Bu nedenle mübalağa, çoğu zaman bir inanç derinliğinden çok bir inanç boşluğunu ifade eder. Mübalağacı içindeki boşluğu bu yolla doldurur.Hakikatle yüz yüze gelince o boşluk açığa çıkar kişi mübalağasının peşinde koşmayı bırakır.
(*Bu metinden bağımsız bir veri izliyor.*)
lemma mat_pow_tendsto_ones_outer:
  assumes rs: "row_stochastic A" and pos: "\<And>i j. 0 < mat_pow A M $ i $ j"
    and p: "prob_vector p" and stationary: "p v* A = p"
  shows "mat_pow A \<longlonglongrightarrow> ones_outer p"
  unfolding tendsto_mat_iff
proof (intro allI)
  fix i j
  define \<delta> where "\<delta> = Min (range (\<lambda>k. mat_pow A M $ k $ j))"
  have "0 < \<delta>"
    unfolding \<delta>_def using pos by (subst Min_gr_iff) auto
  have \<delta>_le: "\<delta> \<le> mat_pow A M $ k $ j" for k
    unfolding \<delta>_def by (rule Min_le) auto
  show "(\<lambda>t. mat_pow A t $ i $ j) \<longlonglongrightarrow> ones_outer p $ i $ j"
  proof (rule LIMSEQ_I)
    fix r :: real
    assume "0 < r"
    obtain q where q: "(1 - \<delta>) ^ q < r"
      using real_arch_pow_inv[OF \<open>0 < r\<close>, of "1 - \<delta>"] \<open>0 < \<delta>\<close> by auto
    obtain lo hi where osc: "hi - lo \<le> (1 - \<delta>) ^ q"
      and bounds: "\<And>t k. q * M \<le> t \<Longrightarrow> lo \<le> mat_pow A t $ k $ j \<and> mat_pow A t $ k $ j \<le> hi"
      using mat_pow_column_oscillation[OF rs less_imp_le[OF \<open>0 < \<delta>\<close>] \<delta>_le] by blast
    text \<open>The stationary \<open>p\<close> averages column \<open>j\<close> of every power into \<open>p $ j\<close>.\<close>
    have "norm (mat_pow A t $ i $ j - p $ j) < r" if "q * M \<le> t" for t
    proof -
      have "p $ j = (\<Sum>k\<in>UNIV. p $ k * mat_pow A t $ k $ j)"
        using arg_cong[where f="\<lambda>v. v $ j", OF vector_mat_pow_fixed[OF stationary, of t]]
        by (simp add: vector_matrix_mult_def mult.commute)
      then have "lo \<le> p $ j \<and> p $ j \<le> hi"
        using weighted_sum_bounds[of UNIV "\<lambda>k. p $ k" lo "\<lambda>k. mat_pow A t $ k $ j" hi] p bounds[OF that]
        by (simp add: prob_vector_def)
      then show ?thesis
        unfolding real_norm_def abs_less_iff using bounds[OF that, of i] osc q by linarith
    qed
    then show "\<exists>t0. \<forall>t\<ge>t0. norm (mat_pow A t $ i $ j - ones_outer p $ i $ j) < r"
      by (auto simp: ones_outer_def)
  qed
qed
Tarihte bunun çok örnekleri vardır; Büyük düşünür İbni Sina'nın bazı talebeleri, "onu peygamber gibi gördüklerini,peygamberliğini ilan etmesi halinde iman edip emrine gireceklerini" söylerler. İbni Sina bu düşüncelerin sakat ve yanlış olduğunu söylese de bazı talebelerini ikna edemez. Bir süre sonra Buhara’da şiddetli bir kış olur, sular donar, abdest alacak su bile yoktur. Sadece birkaç yüz metre ileride ılık akan bir çeşme donmamıştır. İbni Sina Kendini peygamber gibi gören yüksek tahsil öğrencilerine dönerek, " bütün sularımız donmuş, çeşmeden abdest suyunu kim getirecek" diye sorar, kimseden çıt çıkmaz. İbni Sina’yı oyalamaya, unutturmaya çalışırlar. Çünkü 5-10 dakika bile dışarıda kalmak donma tehlikesi ile yüz yüze gelmek demektir. Kimse bunu göze alamaz. Onlar suya gitmemek için bahane uydurmaya çalışırken, evi o çeşmeden uzakta bulunan ve ama olan Hafız Saffet Efendi içeri girer. Kırk yıldır karşılıksız yaptığı gibi sabah ezanını okur. Dondurucu soğuk onu yolundan edememiştir. Bunun üzerine İbni Sina, o talebelerine dönerek "şimdi yanlışınızı anladınız mı? Peygamber Hz. Muhammed gibi, ümmet ise Hafız Saffet gibi olur, hz. Muhammed asırlar öncesinden milyonlara hükmediyor, ben ise ısrar etmeme rağmen sizi bir çeşmeye bile gönderemedim. Hafız Saffet 40 yıldır peygamberin adını yüceltmekten vazgeçmedi. Ne donmak ne canavarlara yem olma tehlikesi onu yolundan çevirmedi. Siz ise onca iddianıza rağmen donma korkusu ile bir çeşmeye bile gidemediniz.Onun için kuru hayal ve hevesleri bırakın." der.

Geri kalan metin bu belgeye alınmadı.